--- Input for this task Enclosed Below ---
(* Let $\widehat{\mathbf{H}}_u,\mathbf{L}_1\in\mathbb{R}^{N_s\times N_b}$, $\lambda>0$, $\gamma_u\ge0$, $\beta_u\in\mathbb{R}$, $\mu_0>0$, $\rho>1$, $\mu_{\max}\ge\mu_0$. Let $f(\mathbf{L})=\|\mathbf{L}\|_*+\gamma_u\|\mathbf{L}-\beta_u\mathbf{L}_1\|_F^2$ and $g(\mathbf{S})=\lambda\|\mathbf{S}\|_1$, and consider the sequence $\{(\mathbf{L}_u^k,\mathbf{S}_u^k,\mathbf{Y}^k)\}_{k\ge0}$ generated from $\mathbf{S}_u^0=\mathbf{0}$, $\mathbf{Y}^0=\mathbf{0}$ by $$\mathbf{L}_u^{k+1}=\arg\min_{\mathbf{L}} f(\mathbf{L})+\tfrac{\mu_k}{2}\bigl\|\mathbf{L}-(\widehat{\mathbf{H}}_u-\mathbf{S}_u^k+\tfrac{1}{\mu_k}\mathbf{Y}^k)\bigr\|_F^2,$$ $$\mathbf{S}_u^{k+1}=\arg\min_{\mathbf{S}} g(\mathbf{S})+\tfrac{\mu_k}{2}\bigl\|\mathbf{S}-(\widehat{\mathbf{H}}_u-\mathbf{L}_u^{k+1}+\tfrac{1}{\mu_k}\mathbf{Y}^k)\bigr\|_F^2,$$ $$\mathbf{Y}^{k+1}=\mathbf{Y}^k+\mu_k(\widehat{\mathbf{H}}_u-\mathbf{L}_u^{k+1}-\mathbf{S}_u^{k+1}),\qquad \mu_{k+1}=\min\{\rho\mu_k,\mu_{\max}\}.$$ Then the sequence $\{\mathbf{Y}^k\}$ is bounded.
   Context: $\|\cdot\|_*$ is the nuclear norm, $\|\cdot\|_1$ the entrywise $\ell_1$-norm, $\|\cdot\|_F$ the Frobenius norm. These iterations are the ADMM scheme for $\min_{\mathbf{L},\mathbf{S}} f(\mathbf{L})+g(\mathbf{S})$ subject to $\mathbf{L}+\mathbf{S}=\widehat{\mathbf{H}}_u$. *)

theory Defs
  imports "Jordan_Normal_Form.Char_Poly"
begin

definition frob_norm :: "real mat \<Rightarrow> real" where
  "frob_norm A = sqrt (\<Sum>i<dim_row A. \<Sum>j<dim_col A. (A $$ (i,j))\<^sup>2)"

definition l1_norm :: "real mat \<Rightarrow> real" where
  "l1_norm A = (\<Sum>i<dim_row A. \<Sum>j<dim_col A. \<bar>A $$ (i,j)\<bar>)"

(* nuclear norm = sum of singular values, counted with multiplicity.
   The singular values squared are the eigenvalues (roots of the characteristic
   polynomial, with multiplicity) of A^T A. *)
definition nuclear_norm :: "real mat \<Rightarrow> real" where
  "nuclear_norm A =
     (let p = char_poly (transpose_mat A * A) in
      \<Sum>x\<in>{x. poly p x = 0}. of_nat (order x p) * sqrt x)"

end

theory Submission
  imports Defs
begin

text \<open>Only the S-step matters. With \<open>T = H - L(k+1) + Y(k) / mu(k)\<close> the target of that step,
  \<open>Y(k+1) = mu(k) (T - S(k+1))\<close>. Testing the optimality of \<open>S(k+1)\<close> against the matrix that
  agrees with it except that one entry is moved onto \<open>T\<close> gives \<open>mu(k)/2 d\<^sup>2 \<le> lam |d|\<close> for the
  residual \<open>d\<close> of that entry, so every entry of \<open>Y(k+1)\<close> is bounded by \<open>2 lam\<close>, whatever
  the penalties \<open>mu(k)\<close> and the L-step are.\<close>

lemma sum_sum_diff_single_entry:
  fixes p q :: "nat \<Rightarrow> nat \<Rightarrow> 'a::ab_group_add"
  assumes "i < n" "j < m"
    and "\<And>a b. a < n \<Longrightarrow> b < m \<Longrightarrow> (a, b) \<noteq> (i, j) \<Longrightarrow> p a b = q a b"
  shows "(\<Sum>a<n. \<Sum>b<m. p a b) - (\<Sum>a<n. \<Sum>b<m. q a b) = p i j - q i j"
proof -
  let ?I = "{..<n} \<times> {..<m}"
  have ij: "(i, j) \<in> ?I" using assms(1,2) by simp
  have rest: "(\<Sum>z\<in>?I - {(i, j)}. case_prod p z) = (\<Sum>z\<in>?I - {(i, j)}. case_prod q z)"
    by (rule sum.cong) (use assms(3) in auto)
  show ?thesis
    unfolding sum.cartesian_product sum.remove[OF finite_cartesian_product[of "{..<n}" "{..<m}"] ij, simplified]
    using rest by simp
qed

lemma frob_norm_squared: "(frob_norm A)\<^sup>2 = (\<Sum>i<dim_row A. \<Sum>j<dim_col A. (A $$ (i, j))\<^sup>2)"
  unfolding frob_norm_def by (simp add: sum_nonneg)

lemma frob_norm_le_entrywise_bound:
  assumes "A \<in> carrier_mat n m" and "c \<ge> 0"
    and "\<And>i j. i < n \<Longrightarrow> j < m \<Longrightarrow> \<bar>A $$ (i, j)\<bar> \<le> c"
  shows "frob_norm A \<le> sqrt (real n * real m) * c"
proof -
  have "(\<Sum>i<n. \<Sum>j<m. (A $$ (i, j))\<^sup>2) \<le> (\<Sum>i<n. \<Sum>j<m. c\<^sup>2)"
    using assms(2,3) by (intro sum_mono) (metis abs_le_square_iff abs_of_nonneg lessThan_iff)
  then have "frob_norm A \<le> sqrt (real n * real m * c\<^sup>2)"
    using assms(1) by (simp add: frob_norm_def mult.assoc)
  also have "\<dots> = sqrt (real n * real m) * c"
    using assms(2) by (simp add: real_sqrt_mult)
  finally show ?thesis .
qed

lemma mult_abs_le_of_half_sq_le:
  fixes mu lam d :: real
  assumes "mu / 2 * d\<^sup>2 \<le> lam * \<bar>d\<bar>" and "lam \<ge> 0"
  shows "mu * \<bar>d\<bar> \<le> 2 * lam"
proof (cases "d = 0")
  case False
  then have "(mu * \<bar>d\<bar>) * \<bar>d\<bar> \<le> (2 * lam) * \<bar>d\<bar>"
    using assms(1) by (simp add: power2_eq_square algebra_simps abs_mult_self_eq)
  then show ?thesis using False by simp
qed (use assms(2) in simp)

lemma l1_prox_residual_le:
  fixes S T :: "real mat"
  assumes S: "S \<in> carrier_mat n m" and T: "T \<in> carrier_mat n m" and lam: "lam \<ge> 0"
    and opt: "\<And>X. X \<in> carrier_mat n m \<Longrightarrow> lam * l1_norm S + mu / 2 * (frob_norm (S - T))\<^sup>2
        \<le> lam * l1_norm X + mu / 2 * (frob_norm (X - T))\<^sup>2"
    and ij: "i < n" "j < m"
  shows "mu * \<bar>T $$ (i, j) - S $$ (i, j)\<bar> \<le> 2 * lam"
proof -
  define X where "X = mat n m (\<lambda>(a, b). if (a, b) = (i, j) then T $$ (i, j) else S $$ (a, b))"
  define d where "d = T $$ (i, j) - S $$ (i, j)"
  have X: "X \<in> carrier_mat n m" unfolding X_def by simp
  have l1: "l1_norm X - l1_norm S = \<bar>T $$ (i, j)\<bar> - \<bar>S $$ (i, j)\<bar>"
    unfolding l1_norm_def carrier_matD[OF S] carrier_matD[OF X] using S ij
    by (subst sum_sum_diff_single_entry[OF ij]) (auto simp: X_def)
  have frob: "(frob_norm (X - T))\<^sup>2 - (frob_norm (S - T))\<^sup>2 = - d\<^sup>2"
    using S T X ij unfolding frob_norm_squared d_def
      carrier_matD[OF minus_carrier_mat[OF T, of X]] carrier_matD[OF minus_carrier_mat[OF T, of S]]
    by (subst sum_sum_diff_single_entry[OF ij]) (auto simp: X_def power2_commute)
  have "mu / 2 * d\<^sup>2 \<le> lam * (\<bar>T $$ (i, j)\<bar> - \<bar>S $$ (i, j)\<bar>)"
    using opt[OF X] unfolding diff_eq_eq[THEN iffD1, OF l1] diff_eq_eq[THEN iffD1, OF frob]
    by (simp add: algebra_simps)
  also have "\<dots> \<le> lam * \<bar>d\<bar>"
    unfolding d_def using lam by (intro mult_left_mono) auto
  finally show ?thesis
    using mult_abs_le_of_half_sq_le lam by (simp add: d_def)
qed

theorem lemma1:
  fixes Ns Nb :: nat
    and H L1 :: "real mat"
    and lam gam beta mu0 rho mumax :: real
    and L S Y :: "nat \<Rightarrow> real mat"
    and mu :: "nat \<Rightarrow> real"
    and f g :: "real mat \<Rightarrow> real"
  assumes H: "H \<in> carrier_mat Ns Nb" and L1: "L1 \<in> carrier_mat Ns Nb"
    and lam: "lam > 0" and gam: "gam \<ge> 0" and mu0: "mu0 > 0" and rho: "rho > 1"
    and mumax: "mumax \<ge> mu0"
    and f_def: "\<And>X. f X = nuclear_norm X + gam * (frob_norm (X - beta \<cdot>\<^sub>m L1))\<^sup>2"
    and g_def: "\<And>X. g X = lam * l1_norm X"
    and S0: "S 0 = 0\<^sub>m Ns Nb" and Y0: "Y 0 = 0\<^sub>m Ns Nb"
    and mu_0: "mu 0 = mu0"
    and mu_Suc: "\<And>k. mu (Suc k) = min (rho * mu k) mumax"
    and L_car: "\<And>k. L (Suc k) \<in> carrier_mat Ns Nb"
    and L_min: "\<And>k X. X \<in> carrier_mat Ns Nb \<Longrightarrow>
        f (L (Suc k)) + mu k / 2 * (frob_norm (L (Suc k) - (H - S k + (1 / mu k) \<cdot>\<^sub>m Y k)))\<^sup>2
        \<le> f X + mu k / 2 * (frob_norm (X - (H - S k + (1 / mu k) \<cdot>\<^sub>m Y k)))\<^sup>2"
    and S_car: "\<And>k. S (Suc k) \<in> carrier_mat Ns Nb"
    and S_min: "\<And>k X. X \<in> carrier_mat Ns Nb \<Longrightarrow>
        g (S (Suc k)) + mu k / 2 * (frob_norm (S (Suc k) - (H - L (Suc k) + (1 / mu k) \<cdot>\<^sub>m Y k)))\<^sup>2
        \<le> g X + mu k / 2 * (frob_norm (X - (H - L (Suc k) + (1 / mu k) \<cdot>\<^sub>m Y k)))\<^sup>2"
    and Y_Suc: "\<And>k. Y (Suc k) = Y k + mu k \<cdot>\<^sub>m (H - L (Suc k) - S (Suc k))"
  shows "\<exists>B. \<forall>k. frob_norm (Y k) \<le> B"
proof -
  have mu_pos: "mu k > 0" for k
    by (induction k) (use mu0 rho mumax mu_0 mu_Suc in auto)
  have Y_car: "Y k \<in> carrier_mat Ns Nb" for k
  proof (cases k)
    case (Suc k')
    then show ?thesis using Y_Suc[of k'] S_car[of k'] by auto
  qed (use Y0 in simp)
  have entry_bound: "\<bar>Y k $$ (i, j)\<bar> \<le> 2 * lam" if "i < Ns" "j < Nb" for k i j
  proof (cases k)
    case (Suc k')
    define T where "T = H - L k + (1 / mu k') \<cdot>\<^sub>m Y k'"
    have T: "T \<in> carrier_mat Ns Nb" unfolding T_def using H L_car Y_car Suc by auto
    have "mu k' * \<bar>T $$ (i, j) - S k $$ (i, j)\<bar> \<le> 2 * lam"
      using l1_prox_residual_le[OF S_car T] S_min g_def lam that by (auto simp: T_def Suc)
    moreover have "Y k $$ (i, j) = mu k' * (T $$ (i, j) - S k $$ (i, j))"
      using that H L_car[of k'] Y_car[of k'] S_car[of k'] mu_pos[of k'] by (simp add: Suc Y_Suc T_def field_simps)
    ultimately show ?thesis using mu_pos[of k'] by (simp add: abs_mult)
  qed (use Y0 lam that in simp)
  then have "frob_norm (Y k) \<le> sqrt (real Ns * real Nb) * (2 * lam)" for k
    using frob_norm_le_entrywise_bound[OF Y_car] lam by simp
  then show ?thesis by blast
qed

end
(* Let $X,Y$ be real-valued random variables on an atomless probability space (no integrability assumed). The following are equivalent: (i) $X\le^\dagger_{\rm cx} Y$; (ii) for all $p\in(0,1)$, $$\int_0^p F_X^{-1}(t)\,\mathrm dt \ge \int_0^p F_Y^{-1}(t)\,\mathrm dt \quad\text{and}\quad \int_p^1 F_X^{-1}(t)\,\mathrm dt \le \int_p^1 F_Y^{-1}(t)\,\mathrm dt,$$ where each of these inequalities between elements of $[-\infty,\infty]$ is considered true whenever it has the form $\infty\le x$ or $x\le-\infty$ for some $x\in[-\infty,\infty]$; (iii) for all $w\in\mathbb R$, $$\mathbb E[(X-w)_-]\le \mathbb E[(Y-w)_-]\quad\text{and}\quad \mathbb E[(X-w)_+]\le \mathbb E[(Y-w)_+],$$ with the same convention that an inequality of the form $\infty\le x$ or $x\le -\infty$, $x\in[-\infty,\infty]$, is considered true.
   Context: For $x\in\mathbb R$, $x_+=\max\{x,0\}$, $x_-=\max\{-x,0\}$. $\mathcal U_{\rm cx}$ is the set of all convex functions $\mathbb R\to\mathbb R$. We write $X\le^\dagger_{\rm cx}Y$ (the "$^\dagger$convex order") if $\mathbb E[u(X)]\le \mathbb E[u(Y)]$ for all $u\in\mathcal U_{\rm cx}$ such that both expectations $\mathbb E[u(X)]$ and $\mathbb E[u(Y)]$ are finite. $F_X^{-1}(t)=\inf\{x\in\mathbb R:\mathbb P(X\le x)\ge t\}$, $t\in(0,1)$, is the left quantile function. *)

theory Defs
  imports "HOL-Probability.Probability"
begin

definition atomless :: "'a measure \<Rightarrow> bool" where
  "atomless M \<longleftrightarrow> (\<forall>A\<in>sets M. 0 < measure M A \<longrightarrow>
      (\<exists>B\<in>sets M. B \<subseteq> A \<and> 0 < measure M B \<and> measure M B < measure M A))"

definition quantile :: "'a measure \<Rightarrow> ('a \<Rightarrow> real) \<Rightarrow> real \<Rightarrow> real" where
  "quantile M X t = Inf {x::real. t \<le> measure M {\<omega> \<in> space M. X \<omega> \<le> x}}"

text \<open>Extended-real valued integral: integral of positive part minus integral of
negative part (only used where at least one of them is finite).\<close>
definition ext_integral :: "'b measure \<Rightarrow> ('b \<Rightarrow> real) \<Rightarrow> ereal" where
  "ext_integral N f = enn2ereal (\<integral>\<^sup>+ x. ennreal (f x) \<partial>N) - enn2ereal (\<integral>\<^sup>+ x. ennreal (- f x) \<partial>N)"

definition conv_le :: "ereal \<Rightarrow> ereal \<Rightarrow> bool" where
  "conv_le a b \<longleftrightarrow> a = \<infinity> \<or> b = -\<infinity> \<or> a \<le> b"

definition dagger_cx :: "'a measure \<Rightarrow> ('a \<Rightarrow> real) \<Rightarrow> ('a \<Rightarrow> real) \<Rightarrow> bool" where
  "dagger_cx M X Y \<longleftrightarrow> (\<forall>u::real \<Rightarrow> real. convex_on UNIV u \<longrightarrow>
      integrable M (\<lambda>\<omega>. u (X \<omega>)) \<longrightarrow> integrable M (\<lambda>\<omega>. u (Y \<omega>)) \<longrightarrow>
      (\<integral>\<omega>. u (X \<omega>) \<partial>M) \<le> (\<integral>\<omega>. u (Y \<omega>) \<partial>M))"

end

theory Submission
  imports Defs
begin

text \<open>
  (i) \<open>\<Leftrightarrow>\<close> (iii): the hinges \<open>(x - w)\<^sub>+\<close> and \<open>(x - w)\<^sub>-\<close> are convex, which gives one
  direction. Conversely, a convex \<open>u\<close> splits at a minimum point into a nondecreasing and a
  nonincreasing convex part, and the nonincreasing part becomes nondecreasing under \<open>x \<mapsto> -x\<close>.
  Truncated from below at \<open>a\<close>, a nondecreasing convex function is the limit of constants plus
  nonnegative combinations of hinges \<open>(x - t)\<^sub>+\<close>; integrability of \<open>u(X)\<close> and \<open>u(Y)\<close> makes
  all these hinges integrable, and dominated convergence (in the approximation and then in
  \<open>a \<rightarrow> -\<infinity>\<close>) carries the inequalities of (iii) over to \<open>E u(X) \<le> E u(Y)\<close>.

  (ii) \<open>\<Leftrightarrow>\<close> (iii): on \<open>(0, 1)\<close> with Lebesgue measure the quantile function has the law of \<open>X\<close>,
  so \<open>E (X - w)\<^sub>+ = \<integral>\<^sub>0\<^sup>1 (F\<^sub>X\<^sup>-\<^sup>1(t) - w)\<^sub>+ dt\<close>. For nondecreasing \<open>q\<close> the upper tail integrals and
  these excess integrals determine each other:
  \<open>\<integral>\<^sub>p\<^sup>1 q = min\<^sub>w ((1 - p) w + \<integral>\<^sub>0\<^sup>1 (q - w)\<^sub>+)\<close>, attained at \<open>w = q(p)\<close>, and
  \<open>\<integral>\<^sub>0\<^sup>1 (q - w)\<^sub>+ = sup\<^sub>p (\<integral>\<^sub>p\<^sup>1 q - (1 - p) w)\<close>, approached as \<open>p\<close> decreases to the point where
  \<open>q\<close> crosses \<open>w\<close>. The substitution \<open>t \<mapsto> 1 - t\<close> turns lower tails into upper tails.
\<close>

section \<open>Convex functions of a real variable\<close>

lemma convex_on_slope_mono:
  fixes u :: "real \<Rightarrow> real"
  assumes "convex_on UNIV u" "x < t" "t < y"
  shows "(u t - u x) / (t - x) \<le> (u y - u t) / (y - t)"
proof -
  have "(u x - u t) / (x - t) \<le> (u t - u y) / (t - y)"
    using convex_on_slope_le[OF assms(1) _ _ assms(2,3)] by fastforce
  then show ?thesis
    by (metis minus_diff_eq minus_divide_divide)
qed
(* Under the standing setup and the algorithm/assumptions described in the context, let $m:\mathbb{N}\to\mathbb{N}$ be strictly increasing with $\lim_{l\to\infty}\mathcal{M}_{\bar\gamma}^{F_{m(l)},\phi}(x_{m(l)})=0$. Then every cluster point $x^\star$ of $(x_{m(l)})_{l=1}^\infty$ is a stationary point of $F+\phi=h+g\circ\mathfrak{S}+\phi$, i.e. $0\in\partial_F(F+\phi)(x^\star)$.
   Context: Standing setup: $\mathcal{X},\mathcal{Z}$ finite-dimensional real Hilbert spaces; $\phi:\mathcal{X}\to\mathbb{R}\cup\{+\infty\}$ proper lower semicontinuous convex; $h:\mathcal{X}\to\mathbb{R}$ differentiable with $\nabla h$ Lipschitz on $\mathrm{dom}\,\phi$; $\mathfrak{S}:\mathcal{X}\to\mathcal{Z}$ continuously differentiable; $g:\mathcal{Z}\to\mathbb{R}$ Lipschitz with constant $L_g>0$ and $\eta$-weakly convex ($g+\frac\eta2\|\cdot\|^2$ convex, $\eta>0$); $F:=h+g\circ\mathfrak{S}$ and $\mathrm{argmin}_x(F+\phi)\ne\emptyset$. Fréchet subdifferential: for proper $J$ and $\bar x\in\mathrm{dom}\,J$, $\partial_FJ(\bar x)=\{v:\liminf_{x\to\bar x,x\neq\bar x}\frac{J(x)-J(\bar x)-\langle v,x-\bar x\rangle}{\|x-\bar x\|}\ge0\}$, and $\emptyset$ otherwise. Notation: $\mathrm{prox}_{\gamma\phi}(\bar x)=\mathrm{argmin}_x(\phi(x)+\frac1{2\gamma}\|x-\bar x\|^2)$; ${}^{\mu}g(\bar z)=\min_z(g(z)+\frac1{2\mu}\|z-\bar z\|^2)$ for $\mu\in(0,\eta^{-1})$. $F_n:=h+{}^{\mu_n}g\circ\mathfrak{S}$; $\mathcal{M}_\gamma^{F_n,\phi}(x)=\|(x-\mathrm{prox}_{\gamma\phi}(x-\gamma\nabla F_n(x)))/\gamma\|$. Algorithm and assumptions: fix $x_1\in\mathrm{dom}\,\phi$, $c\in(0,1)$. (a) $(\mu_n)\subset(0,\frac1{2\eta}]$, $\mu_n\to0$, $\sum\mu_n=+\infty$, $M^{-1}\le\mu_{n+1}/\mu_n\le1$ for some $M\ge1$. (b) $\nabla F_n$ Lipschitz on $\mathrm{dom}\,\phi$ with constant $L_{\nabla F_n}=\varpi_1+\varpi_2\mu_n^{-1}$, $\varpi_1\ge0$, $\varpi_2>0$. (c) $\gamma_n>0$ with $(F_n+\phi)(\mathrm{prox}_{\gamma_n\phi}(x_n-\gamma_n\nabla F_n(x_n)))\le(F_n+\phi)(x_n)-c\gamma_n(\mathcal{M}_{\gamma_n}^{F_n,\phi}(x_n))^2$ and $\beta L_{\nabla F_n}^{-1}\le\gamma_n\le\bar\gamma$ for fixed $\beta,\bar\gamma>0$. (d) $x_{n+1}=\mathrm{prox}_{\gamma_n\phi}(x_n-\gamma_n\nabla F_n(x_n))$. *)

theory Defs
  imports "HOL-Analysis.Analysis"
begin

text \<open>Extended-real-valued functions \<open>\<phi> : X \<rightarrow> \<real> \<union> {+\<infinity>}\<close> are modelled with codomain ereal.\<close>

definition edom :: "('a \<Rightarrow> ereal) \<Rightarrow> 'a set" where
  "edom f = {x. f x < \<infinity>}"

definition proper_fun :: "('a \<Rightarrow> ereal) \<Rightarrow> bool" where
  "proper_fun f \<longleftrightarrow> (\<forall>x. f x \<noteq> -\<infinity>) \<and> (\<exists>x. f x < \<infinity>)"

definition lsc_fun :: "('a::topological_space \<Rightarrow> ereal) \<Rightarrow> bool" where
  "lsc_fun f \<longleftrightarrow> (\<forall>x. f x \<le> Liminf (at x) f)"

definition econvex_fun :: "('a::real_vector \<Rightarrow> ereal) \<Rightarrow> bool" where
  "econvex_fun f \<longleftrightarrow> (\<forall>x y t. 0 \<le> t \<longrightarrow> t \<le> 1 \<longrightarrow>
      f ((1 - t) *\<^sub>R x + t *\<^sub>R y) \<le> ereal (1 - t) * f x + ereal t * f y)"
--- End of Enclosed Input for this task ---
- [Task brief]: Within the material above, transcribe exactly the lines that run from the line holding "u(X) \<le> E u(Y)\<close>." through the line holding "these excess integrals".

- [Response]:
  \<open>a \<rightarrow> -\<infinity>\<close>) carries the inequalities of (iii) over to \<open>E u(X) \<le> E u(Y)\<close>.

  (ii) \<open>\<Leftrightarrow>\<close> (iii): on \<open>(0, 1)\<close> with Lebesgue measure the quantile function has the law of \<open>X\<close>,
  so \<open>E (X - w)\<^sub>+ = \<integral>\<^sub>0\<^sup>1 (F\<^sub>X\<^sup>-\<^sup>1(t) - w)\<^sub>+ dt\<close>. For nondecreasing \<open>q\<close> the upper tail integrals and
  these excess integrals determine each other:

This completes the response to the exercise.